While counties called for more funding before the pandemic, the so-called Great Resignation has compounded the problem as people reevaluate in-person office jobs, making it more challenging to hire and keep workers.
“Professions like social workers and eligibility workers, it’s very, very stressful work in the best of times, but during the pandemic, these jobs have become even harder,” Beuerman said. “We’ve had difficulty recruiting and retaining staff.”
The County Welfare Directors Assn. of California estimates that if the state had provided annual inflation adjustments to its share of administration funding, counties would have received an additional $414 million this year. Combined with required federal and county matching funds, that could mean a shortfall of more than $1 billion, which would cover the salaries of about 6,400 workers, according to the group.
“There really is a human toll. Our members are saying, ‘I’m not providing the service I want to because I don’t have the staff,’” said Cathy Senderling-McDonald, executive director of the association. “It’s hit the crisis point.”

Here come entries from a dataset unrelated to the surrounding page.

(* For every $h>0$, $$\widetilde\psi(h):=\inf_{b_1,b_2>0}\big\{-(b_1+b_2)\ln(1-p)+\psi(h,b_1,b_2)\big\}=\big(\kappa_\ell(p)+\kappa_r(p)\big)h.$$
   Context: Setting: $(\omega_x^+)_{x\in\mathbb{Z}}$ i.i.d. with law $\mu$, $\omega_x^+\in[\varepsilon_0,1-\varepsilon_0]$ for some $\varepsilon_0>0$, $\omega_x^-=1-\omega_x^+$, $\rho_i=\omega_i^-/\omega_i^+$, $\mathbf{E}$ expectation under $\mu$; strict nestling: $\inf\{a:\mu(\omega_0^+\le a)>0\}<1/2<\sup\{a:\mu(\omega_0^+\ge a)>0\}$; $p\in(0,1)$. $\psi(h,b_1,b_2)=\sup_{\lambda>0}\{\lambda h-b_2\ln\mathbf{E}(\rho_0^\lambda)\}+\sup_{\lambda>0}\{\lambda h-b_1\ln\mathbf{E}(\rho_0^{-\lambda})\}$. $\kappa_\ell(p)>0$ and $\kappa_r(p)>0$ are the unique positive solutions of $\mathbf{E}(\rho_0^{-\kappa_\ell})=\frac{1}{1-p}$ and $\mathbf{E}(\rho_0^{\kappa_r})=\frac{1}{1-p}$. *)

theory Defs
  imports "HOL-Probability.Probability"
begin

text \<open>The law mu of omega_0^+ is a probability measure on the reals (Borel sets).
  rho = omega^- / omega^+ = (1 - omega) / omega.\<close>

definition rho :: "real \<Rightarrow> real" where
  "rho w = (1 - w) / w"

definition Erho :: "real measure \<Rightarrow> real \<Rightarrow> real" where
  "Erho mu l = (\<integral>w. rho w powr l \<partial>mu)"

definition psi :: "real measure \<Rightarrow> real \<Rightarrow> real \<Rightarrow> real \<Rightarrow> ereal" where
  "psi mu h b1 b2 =
     (SUP l\<in>{0<..}. ereal (l * h - b2 * ln (Erho mu l)))
   + (SUP l\<in>{0<..}. ereal (l * h - b1 * ln (Erho mu (- l))))"

definition psi_tilde :: "real measure \<Rightarrow> real \<Rightarrow> real \<Rightarrow> ereal" where
  "psi_tilde mu p h =
     (INF b\<in>{0<..} \<times> {0<..}. ereal (- (fst b + snd b) * ln (1 - p)) + psi mu h (fst b) (snd b))"

definition kappa_l :: "real measure \<Rightarrow> real \<Rightarrow> real" where
  "kappa_l mu p = (THE k. k > 0 \<and> Erho mu (- k) = 1 / (1 - p))"

definition kappa_r :: "real measure \<Rightarrow> real \<Rightarrow> real" where
  "kappa_r mu p = (THE k. k > 0 \<and> Erho mu k = 1 / (1 - p))"

end

theory Submission imports Defs begin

Senderling-McDonald said it’s understandable that the pandemic delayed plans, but that more funding now is crucial.
Tyler Woods, an analyst with Newsom’s Department of Finance, said at a legislative hearing last week that the Newsom administration is “open to discussion” about an additional $60 million to bridge the gap now, and plans to revisit an overhaul of the formula post-pandemic.
“We recognize that there is a need to reevaluate that existing [funding] methodology,” Woods said. “The pandemic limited our ability to go in and reevaluate that.”